Supplied data >>
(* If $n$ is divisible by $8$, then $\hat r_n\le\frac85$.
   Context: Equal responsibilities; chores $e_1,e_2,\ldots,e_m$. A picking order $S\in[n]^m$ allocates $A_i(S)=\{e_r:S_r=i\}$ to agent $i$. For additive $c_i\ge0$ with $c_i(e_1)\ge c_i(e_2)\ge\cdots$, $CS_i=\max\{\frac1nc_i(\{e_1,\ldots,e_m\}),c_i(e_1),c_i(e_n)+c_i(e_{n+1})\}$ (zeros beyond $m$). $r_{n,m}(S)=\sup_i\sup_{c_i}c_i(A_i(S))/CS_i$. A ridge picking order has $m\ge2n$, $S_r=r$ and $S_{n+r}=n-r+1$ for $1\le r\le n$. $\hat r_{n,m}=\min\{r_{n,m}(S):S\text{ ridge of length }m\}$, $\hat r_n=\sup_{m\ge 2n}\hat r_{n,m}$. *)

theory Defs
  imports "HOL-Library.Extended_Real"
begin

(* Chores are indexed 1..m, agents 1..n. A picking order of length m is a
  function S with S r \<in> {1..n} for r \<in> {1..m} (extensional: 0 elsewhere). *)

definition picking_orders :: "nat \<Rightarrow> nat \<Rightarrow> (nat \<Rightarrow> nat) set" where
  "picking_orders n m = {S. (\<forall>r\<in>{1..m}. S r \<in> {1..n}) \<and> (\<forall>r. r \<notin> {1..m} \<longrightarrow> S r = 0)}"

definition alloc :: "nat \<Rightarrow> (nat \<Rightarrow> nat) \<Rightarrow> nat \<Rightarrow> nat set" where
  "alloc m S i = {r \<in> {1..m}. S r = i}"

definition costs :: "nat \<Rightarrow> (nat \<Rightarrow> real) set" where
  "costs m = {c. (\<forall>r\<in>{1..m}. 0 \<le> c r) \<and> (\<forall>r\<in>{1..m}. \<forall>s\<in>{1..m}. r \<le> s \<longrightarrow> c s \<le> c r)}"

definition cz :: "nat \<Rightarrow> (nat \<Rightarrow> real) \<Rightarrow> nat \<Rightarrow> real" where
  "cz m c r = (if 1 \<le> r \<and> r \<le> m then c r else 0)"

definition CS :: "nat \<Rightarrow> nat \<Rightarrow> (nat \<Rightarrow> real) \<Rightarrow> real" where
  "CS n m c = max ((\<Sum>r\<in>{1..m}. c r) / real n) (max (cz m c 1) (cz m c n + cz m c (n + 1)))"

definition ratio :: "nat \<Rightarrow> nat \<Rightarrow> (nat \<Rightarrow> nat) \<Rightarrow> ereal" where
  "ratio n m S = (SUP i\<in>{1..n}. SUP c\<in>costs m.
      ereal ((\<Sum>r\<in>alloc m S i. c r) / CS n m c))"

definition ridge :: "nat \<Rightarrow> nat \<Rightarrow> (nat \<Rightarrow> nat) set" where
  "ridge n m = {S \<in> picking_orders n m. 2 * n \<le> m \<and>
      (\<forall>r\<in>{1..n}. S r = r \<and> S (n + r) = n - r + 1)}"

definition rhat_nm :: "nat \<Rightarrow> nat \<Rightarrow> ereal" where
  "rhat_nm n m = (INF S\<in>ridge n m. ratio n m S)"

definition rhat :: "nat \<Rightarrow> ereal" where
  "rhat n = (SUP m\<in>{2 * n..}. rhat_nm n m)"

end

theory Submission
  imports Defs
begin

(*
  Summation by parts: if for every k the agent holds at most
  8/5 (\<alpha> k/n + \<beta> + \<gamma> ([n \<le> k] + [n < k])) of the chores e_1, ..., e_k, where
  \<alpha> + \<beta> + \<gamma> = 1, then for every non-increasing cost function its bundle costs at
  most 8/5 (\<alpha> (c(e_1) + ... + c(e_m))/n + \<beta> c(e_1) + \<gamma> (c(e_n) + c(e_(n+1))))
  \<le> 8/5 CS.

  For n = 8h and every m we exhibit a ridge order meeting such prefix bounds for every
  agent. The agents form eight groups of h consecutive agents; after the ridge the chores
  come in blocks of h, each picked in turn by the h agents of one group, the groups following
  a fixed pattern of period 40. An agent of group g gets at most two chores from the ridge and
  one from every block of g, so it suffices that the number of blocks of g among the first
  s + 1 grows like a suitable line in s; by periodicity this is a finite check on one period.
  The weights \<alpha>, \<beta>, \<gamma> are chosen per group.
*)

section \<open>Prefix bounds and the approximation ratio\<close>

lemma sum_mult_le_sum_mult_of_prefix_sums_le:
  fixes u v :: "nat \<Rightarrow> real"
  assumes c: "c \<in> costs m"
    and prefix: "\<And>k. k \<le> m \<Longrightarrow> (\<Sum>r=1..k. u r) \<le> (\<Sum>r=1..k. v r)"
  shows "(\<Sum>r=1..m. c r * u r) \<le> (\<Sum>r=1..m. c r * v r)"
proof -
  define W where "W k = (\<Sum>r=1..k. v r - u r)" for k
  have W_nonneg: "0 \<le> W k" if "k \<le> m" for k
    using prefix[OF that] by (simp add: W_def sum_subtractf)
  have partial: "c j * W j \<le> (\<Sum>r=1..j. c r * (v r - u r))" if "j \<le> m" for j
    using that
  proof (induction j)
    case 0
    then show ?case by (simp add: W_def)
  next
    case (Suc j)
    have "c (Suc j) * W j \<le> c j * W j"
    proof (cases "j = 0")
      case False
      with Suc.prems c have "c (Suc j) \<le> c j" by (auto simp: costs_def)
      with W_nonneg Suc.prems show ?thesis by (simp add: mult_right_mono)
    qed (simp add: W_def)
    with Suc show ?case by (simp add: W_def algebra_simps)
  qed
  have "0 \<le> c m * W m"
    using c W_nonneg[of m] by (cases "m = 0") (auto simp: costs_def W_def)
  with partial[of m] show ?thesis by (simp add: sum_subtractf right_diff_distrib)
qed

Exercise goal >> Please work out how many lines in the material contain the word "thesis" and state only that number.

Task solution >> 2